> _Aim of the exercise_
From the line with "by (rule finite_PiE)" through the line with "(\<beta> - 2) * (2", inclusive, return each line of the data below exactly and leave the rest out.

Stored items from a collection
lemma norm_lattice_ge_1:
  assumes "a \<in> lattice" "a \<noteq> 0"
  shows "1 \<le> norm a"
proof -
  obtain k where k: "a$k \<noteq> 0" using assms(2) by (auto simp: vec_eq_iff)
  obtain m where m: "a$k = of_int m" using assms(1) unfolding lattice_def by (auto elim: Ints_cases)
  then have "m \<noteq> 0" using k by auto
  then have "1 \<le> \<bar>a$k\<bar>" using m by linarith
  then show ?thesis using component_le_norm_cart[of a k] by linarith
qed

lemma lattice_point_near: "\<exists>p\<in>lattice. infnorm (x - p) \<le> 1/2"
proof
  let ?p = "\<chi> k. real_of_int (round (x$k))"
  show "?p \<in> lattice" unfolding lattice_def by auto
  show "infnorm (x - ?p) \<le> 1/2"
    by (rule infnorm_cart_le) (use of_int_round_abs_le in \<open>simp add: abs_minus_commute\<close>)
qed

section \<open>Discrete rays\<close>

lemma round_add_le_1: "\<bar>c\<bar> \<le> 1 \<Longrightarrow> \<bar>round (u + c) - round u\<bar> \<le> (1::int)"
proof -
  assume c: "\<bar>c\<bar> \<le> 1"
  have "round (u - 1) \<le> round (u + c)" "round (u + c) \<le> round (u + 1)"
    by (rule round_mono, use c in linarith)+
  moreover have "round (u + 1) = round u + 1"
    unfolding round_def using floor_add_int[of "u + 1/2" 1] by (simp add: add_ac)
  moreover have "round (u - 1) = round u - 1"
    unfolding round_def using floor_add_int[of "u - 1 + 1/2" 1] by (simp add: algebra_simps)
  ultimately show ?thesis by linarith
qed

text \<open>The discrete ray from \<open>p\<close> towards \<open>a\<close>: its \<open>r\<close>-th point is the rounding of the point at
  sup-distance \<open>r\<close> from \<open>p\<close> on the segment \<open>[p, a]\<close>. (For \<open>a = p\<close> the division by zero makes it
  constantly \<open>p\<close>.)\<close>
definition ray :: "real^'n \<Rightarrow> real^'n \<Rightarrow> nat \<Rightarrow> real^'n" where
  "ray p a r = p + (\<chi> k. real_of_int (round ((a - p)$k * real r / infnorm (a - p))))"

lemma ray_in_lattice: "p \<in> lattice \<Longrightarrow> ray p a r \<in> lattice"
  unfolding ray_def by (rule lattice_add) (auto simp: lattice_def)

lemma ray_0 [simp]: "ray p a 0 = p"
  unfolding ray_def by (simp add: vec_eq_iff)

lemma ray_component: "(ray p a r - p)$k = real_of_int (round ((a - p)$k * real r / infnorm (a - p)))"
  unfolding ray_def by simp

lemma ray_component_approx: "\<bar>(a - p)$k * real r / infnorm (a - p) - (ray p a r - p)$k\<bar> \<le> 1/2"
  unfolding ray_component using of_int_round_abs_le by (simp add: abs_minus_commute)

lemma ray_endpoint:
  assumes "a \<in> lattice" "p \<in> lattice" "infnorm (a - p) = real s"
  shows "ray p a s = a"
proof (cases "s = 0")
  case True
  then show ?thesis using assms(3) by (simp add: infnorm_eq_0)
next
  case False
  have "real_of_int (round ((a - p)$k * real s / infnorm (a - p))) = (a - p)$k" for k
  proof -
    obtain m where "(a - p)$k = of_int m"
      using lattice_diff[OF assms(1,2)] unfolding lattice_def by (auto elim: Ints_cases)
    then show ?thesis using False assms(3) by simp
  qed
  then show ?thesis unfolding ray_def by (simp add: vec_eq_iff)
qed

lemma infnorm_ray_Suc: "infnorm (ray p a (Suc r) - ray p a r) \<le> 1"
proof (rule infnorm_cart_le)
  fix k
  let ?s = "infnorm (a - p)" and ?x = "(a - p)$k"
  have c: "\<bar>?x / ?s\<bar> \<le> 1"
    using component_le_infnorm_cart[of "a - p" k] infnorm_pos_le[of "a - p"]
    by (cases "?s = 0") (auto simp: abs_div real_abs_infnorm)
  have "?x * real (Suc r) / ?s = ?x * real r / ?s + ?x / ?s"
    by (simp only: of_nat_Suc distrib_left mult_1_right add_divide_distrib)
  then have "\<bar>round (?x * real (Suc r) / ?s) - round (?x * real r / ?s)\<bar> \<le> 1"
    using round_add_le_1[OF c] by simp
  then show "\<bar>(ray p a (Suc r) - ray p a r)$k\<bar> \<le> 1"
    unfolding ray_def by simp
qed

lemma infnorm_ray:
  assumes "infnorm (a - p) = real s" "r \<le> s"
  shows "infnorm (ray p a r - p) = real r"
proof (cases "s = 0")
  case True
  then show ?thesis using assms by (simp add: infnorm_0)
next
  case False
  then have s: "infnorm (a - p) > 0" using assms by auto
  have round_r: "round (real r) = int r" "round (- real r) = - int r"
    using round_of_int[of "int r"] round_of_int[of "- int r"] by simp_all
  have "\<bar>(ray p a r - p)$k\<bar> \<le> real r" for k
  proof -
    let ?y = "(a - p)$k * real r / infnorm (a - p)"
    have "\<bar>?y\<bar> \<le> real r"
      using mult_right_mono[OF component_le_infnorm_cart[of "a - p" k], of "real r"] s
      by (simp add: abs_mult abs_div divide_le_eq mult.commute)
    then have "round (- real r) \<le> round ?y" "round ?y \<le> round (real r)"
      by (intro round_mono; linarith)+
    then show ?thesis unfolding ray_component round_r by linarith
  qed
  then have le: "infnorm (ray p a r - p) \<le> real r" by (rule infnorm_cart_le)
  obtain k where k: "\<bar>(a - p)$k\<bar> = infnorm (a - p)" using infnorm_cart_attained by blast
  then have "(a - p)$k = infnorm (a - p) \<or> (a - p)$k = - infnorm (a - p)" by linarith
  then have "(a - p)$k * real r / infnorm (a - p) \<in> {real r, - real r}" using s by auto
  then have "\<bar>(ray p a r - p)$k\<bar> = real r" unfolding ray_component using round_r by auto
  then show ?thesis using le component_le_infnorm_cart[of "ray p a r - p" k] by linarith
qed

section \<open>Counting lattice points along rays\<close>

lemma card_int_interval_le:
  assumes "0 \<le> w"
  shows "finite {m::int. \<bar>real_of_int m - c\<bar> \<le> w}"
    and "real (card {m::int. \<bar>real_of_int m - c\<bar> \<le> w}) \<le> 2 * w + 1"
proof -
  let ?S = "{m::int. \<bar>real_of_int m - c\<bar> \<le> w}"
  have sub: "?S \<subseteq> {\<lceil>c - w\<rceil>..\<lfloor>c + w\<rfloor>}"
    by (auto simp: abs_le_iff ceiling_le_iff le_floor_iff)
  then show "finite ?S" using finite_subset by blast
  have "card ?S \<le> nat (\<lfloor>c + w\<rfloor> + 1 - \<lceil>c - w\<rceil>)"
    using card_mono[OF _ sub] by simp
  moreover have "real_of_int \<lfloor>c + w\<rfloor> \<le> c + w" "c - w \<le> real_of_int \<lceil>c - w\<rceil>"
    by (rule of_int_floor_le, rule le_of_int_ceiling)
  ultimately show "real (card ?S) \<le> 2 * w + 1" using assms by linarith
qed

lemma ratio_plus_one_le:
  fixes n \<rho> :: real
  assumes "1 \<le> \<rho>" "\<rho> \<le> n"
  shows "n / \<rho> + 1 \<le> 4 * (n + 1) / (\<rho> + 1)"
proof -
  have "(n + \<rho>) * (\<rho> + 1) \<le> 4 * (n + 1) * \<rho>"
    using assms by (smt (verit) mult_mono' ring_class.ring_distribs(1,2))
  then show ?thesis using assms by (simp add: field_simps)
qed

text \<open>If the ray towards \<open>a\<close>, with \<open>infnorm (a - p) = n\<close>, passes through \<open>e\<close> at step \<open>\<rho>\<close>, then
  each coordinate of \<open>a - p\<close> lies within \<open>n / (2\<rho>)\<close> of \<open>(e - p)$k * n / \<rho>\<close>.\<close>
lemma ray_fibre_card_le:
  fixes p e :: "real^'n"
  assumes p: "p \<in> lattice" and rn: "\<rho> \<le> n"
  defines "U \<equiv> {a \<in> lattice. infnorm (a - p) = real n \<and> ray p a \<rho> = e}"
  shows "finite U" and "real (card U) \<le> (4 * (real n + 1) / (real \<rho> + 1)) ^ CARD('n)"
proof -
  define w where "w = (if \<rho> = 0 then real n else real n / (2 * real \<rho>))"
  define c where "c = (\<lambda>k. if \<rho> = 0 then 0 else (e - p)$k * real n / real \<rho>)"
  define I where "I = (\<lambda>k::'n. {m::int. \<bar>real_of_int m - c k\<bar> \<le> w})"
  have w: "0 \<le> w" unfolding w_def by simp
  have card_I: "real (card (I k)) \<le> 4 * (real n + 1) / (real \<rho> + 1)" for k
  proof -
    have "2 * w + 1 \<le> 4 * (real n + 1) / (real \<rho> + 1)"
      using ratio_plus_one_le[of "real \<rho>" "real n"] rn unfolding w_def by auto
    then show ?thesis using card_int_interval_le(2)[OF w, of "c k"] unfolding I_def by linarith
  qed
  have U_sub: "U \<subseteq> (\<lambda>f. p + (\<chi> k. real_of_int (f k))) ` PiE UNIV I"
  proof
    fix a assume "a \<in> U"
    then have a: "a \<in> lattice" and an: "infnorm (a - p) = real n" and ae: "ray p a \<rho> = e"
      unfolding U_def by auto
    define f where "f = (\<lambda>k. \<lfloor>(a - p)$k\<rfloor>)"
    have f: "real_of_int (f k) = (a - p)$k" for k
      using lattice_diff[OF a p] unfolding f_def lattice_def by (auto elim: Ints_cases)
    have "f k \<in> I k" for k
    proof (cases "\<rho> = 0")
      case True
      then show ?thesis
        using component_le_infnorm_cart[of "a - p" k] an f unfolding I_def c_def w_def by simp
    next
      case False
      then have pos: "real n > 0" "real \<rho> > 0" using rn by auto
      have "\<bar>(a - p)$k * real \<rho> / real n - (e - p)$k\<bar> \<le> 1/2"
        using ray_component_approx[of a p k \<rho>] an ae by simp
      then have "(real n / real \<rho>) * \<bar>(a - p)$k * real \<rho> / real n - (e - p)$k\<bar> \<le> (real n / real \<rho>) * (1/2)"
        by (rule mult_left_mono) (use pos in simp)
      moreover have "(real n / real \<rho>) * \<bar>(a - p)$k * real \<rho> / real n - (e - p)$k\<bar>
          = \<bar>(a - p)$k - (e - p)$k * real n / real \<rho>\<bar>"
        using pos by (simp add: abs_mult[symmetric] field_simps)
      ultimately show ?thesis unfolding I_def c_def w_def using False f by simp
    qed
    then have "f \<in> PiE UNIV I" by auto
    moreover have "a = p + (\<chi> k. real_of_int (f k))" using f by (simp add: vec_eq_iff)
    ultimately show "a \<in> (\<lambda>f. p + (\<chi> k. real_of_int (f k))) ` PiE UNIV I" by blast
  qed
  have fin: "finite (PiE UNIV I)"
    by (rule finite_PiE) (auto simp: I_def card_int_interval_le(1)[OF w])
  then show "finite U" using U_sub finite_subset by blast
  have "card U \<le> card (PiE UNIV I)"
    using card_mono[OF _ U_sub] card_image_le[OF fin] fin by (meson finite_imageI le_trans)
  then have "real (card U) \<le> (\<Prod>k\<in>UNIV. real (card (I k)))"
    by (simp add: card_PiE flip: of_nat_prod)
  also have "\<dots> \<le> (\<Prod>k\<in>(UNIV::'n set). 4 * (real n + 1) / (real \<rho> + 1))"
    by (rule prod_mono) (use card_I in simp)
  finally show "real (card U) \<le> (4 * (real n + 1) / (real \<rho> + 1)) ^ CARD('n)" by simp
qed

lemma sum_inverse_square_le:
  assumes "1 \<le> m"
  shows "(\<Sum>k\<in>{m..<m+j}. 1 / real k ^ 2) \<le> 2 / real m - 2 / real (m + j)"
proof (induction j)
  case (Suc j)
  have "1 / real (m + j) ^ 2 \<le> 2 / real (m + j) - 2 / (real (m + j) + 1)"
    using assms by (simp add: divide_simps power2_eq_square)
  then show ?case using Suc by (simp add: add.commute)
qed simp

lemma sum_inverse_power_le:
  assumes "1 \<le> m" "2 \<le> \<beta>"
  shows "(\<Sum>k\<in>{m..M}. 1 / real k ^ \<beta>) \<le> 2 / real m ^ (\<beta> - 1)"
proof -
  have m: "real m > 0" using assms by simp
  have "(\<Sum>k\<in>{m..M}. 1 / real k ^ \<beta>) \<le> (\<Sum>k\<in>{m..M}. 1 / real m ^ (\<beta> - 2) * (1 / real k ^ 2))"
  proof (rule sum_mono)
    fix k assume "k \<in> {m..M}"
    then have km: "real m \<le> real k" by simp
    have "real k ^ \<beta> = real k ^ (\<beta> - 2) * real k ^ 2"
      using assms(2) by (metis le_add_diff_inverse2 power_add)
    moreover have "real m ^ (\<beta> - 2) \<le> real k ^ (\<beta> - 2)" by (rule power_mono[OF km]) simp
    ultimately show "1 / real k ^ \<beta> \<le> 1 / real m ^ (\<beta> - 2) * (1 / real k ^ 2)"
      using m km by (simp add: divide_simps mult_right_mono)
  qed
  also have "\<dots> = 1 / real m ^ (\<beta> - 2) * (\<Sum>k\<in>{m..M}. 1 / real k ^ 2)"
    by (simp add: sum_distrib_left)
  also have "\<dots> \<le> 1 / real m ^ (\<beta> - 2) * (2 / real m)"
  proof (rule mult_left_mono)
    show "(\<Sum>k\<in>{m..M}. 1 / real k ^ 2) \<le> 2 / real m"
    proof (cases "m \<le> M")
      case True
      then have M: "{m..M} = {m..<m + (M + 1 - m)}" by auto
      have "0 \<le> 2 / real (m + (M + 1 - m))" by simp
      then show ?thesis unfolding M using sum_inverse_square_le[OF assms(1), of "M + 1 - m"] by linarith
    qed (use m in simp)
  qed simp
  also have "\<dots> = 2 / real m ^ (\<beta> - 1)"
  proof -
    have "real m ^ (\<beta> - 1) = real m ^ (\<beta> - 2) * real m"
      using assms(2) by (metis Suc_diff_Suc Suc_1 Suc_le_lessD power_Suc2)
    then show ?thesis by simp
  qed
  finally show ?thesis .
qed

> _Answer to the exercise_
    by (rule finite_PiE) (auto simp: I_def card_int_interval_le(1)[OF w])
  then show "finite U" using U_sub finite_subset by blast
  have "card U \<le> card (PiE UNIV I)"
    using card_mono[OF _ U_sub] card_image_le[OF fin] fin by (meson finite_imageI le_trans)
  then have "real (card U) \<le> (\<Prod>k\<in>UNIV. real (card (I k)))"
    by (simp add: card_PiE flip: of_nat_prod)
  also have "\<dots> \<le> (\<Prod>k\<in>(UNIV::'n set). 4 * (real n + 1) / (real \<rho> + 1))"
    by (rule prod_mono) (use card_I in simp)
  finally show "real (card U) \<le> (4 * (real n + 1) / (real \<rho> + 1)) ^ CARD('n)" by simp
qed

lemma sum_inverse_square_le:
  assumes "1 \<le> m"
  shows "(\<Sum>k\<in>{m..<m+j}. 1 / real k ^ 2) \<le> 2 / real m - 2 / real (m + j)"
proof (induction j)
  case (Suc j)
  have "1 / real (m + j) ^ 2 \<le> 2 / real (m + j) - 2 / (real (m + j) + 1)"
    using assms by (simp add: divide_simps power2_eq_square)
  then show ?case using Suc by (simp add: add.commute)
qed simp

lemma sum_inverse_power_le:
  assumes "1 \<le> m" "2 \<le> \<beta>"
  shows "(\<Sum>k\<in>{m..M}. 1 / real k ^ \<beta>) \<le> 2 / real m ^ (\<beta> - 1)"
proof -
  have m: "real m > 0" using assms by simp
  have "(\<Sum>k\<in>{m..M}. 1 / real k ^ \<beta>) \<le> (\<Sum>k\<in>{m..M}. 1 / real m ^ (\<beta> - 2) * (1 / real k ^ 2))"
  proof (rule sum_mono)
    fix k assume "k \<in> {m..M}"
    then have km: "real m \<le> real k" by simp
    have "real k ^ \<beta> = real k ^ (\<beta> - 2) * real k ^ 2"
      using assms(2) by (metis le_add_diff_inverse2 power_add)
    moreover have "real m ^ (\<beta> - 2) \<le> real k ^ (\<beta> - 2)" by (rule power_mono[OF km]) simp
    ultimately show "1 / real k ^ \<beta> \<le> 1 / real m ^ (\<beta> - 2) * (1 / real k ^ 2)"
      using m km by (simp add: divide_simps mult_right_mono)
  qed
  also have "\<dots> = 1 / real m ^ (\<beta> - 2) * (\<Sum>k\<in>{m..M}. 1 / real k ^ 2)"
    by (simp add: sum_distrib_left)
  also have "\<dots> \<le> 1 / real m ^ (\<beta> - 2) * (2 / real m)"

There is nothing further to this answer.